Required work:
The records follow. Filter them to the lines that hold "state".

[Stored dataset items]

(* Let $X=\{a_1,\dots,a_\ell\}$ be a finite set of $\ell$ distinct points and $N\ge2$. A probability measure $\gamma$ on $X^N$ is a symmetrized Monge state, i.e. $\gamma=S\big(\sum_{\nu=1}^\ell\frac1\ell\delta_{T_1(a_\nu)}\otimes\cdots\otimes\delta_{T_N(a_\nu)}\big)$ for some bijections $T_1,\dots,T_N:X\to X$, if and only if it is an SAE state with uniform marginal $\bar\lambda$ whose site weights all equal $1/\ell$, i.e. $\gamma=\sum_{\nu=1}^\ell\frac1\ell S(\delta_{T_1(a_\nu)}\otimes\cdots\otimes\delta_{T_N(a_\nu)})$ for some (not necessarily bijective) maps $T_1,\dots,T_N:X\to X$ satisfying $\sum_{\nu=1}^\ell\frac1\ell\lambda^{(\nu)}=\bar\lambda$, where $\lambda^{(\nu)}=\frac1N\sum_{k=1}^N\delta_{T_k(a_\nu)}$.
   Context: $\bar\lambda=\sum_{i=1}^\ell\frac1\ell\delta_{a_i}$ is the uniform probability measure on $X$. The symmetrization operator is $(S\gamma)(A_1\times\cdots\times A_N)=\frac1{N!}\sum_{\sigma\in S_N}\gamma(A_{\sigma(1)}\times\cdots\times A_{\sigma(N)})$. An SAE state with marginal $\lambda_*$ is a probability measure of the form $\sum_{\nu=1}^\ell\alpha^{(\nu)}S(\delta_{T_1(a_\nu)}\otimes\cdots\otimes\delta_{T_N(a_\nu)})$ with maps $T_k:X\to X$ and site weights $\alpha^{(\nu)}\ge0$ such that $\sum_\nu\alpha^{(\nu)}\lambda^{(\nu)}=\lambda_*$, with $\lambda^{(\nu)}$ as in the claim. *)

theory Defs
  imports Complex_Main "HOL-Combinatorics.Permutations"
begin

Reply to the exercise:
(* Let $X=\{a_1,\dots,a_\ell\}$ be a finite set of $\ell$ distinct points and $N\ge2$. A probability measure $\gamma$ on $X^N$ is a symmetrized Monge state, i.e. $\gamma=S\big(\sum_{\nu=1}^\ell\frac1\ell\delta_{T_1(a_\nu)}\otimes\cdots\otimes\delta_{T_N(a_\nu)}\big)$ for some bijections $T_1,\dots,T_N:X\to X$, if and only if it is an SAE state with uniform marginal $\bar\lambda$ whose site weights all equal $1/\ell$, i.e. $\gamma=\sum_{\nu=1}^\ell\frac1\ell S(\delta_{T_1(a_\nu)}\otimes\cdots\otimes\delta_{T_N(a_\nu)})$ for some (not necessarily bijective) maps $T_1,\dots,T_N:X\to X$ satisfying $\sum_{\nu=1}^\ell\frac1\ell\lambda^{(\nu)}=\bar\lambda$, where $\lambda^{(\nu)}=\frac1N\sum_{k=1}^N\delta_{T_k(a_\nu)}$.
   Context: $\bar\lambda=\sum_{i=1}^\ell\frac1\ell\delta_{a_i}$ is the uniform probability measure on $X$. The symmetrization operator is $(S\gamma)(A_1\times\cdots\times A_N)=\frac1{N!}\sum_{\sigma\in S_N}\gamma(A_{\sigma(1)}\times\cdots\times A_{\sigma(N)})$. An SAE state with marginal $\lambda_*$ is a probability measure of the form $\sum_{\nu=1}^\ell\alpha^{(\nu)}S(\delta_{T_1(a_\nu)}\otimes\cdots\otimes\delta_{T_N(a_\nu)})$ with maps $T_k:X\to X$ and site weights $\alpha^{(\nu)}\ge0$ such that $\sum_\nu\alpha^{(\nu)}\lambda^{(\nu)}=\lambda_*$, with $\lambda^{(\nu)}$ as in the claim. *)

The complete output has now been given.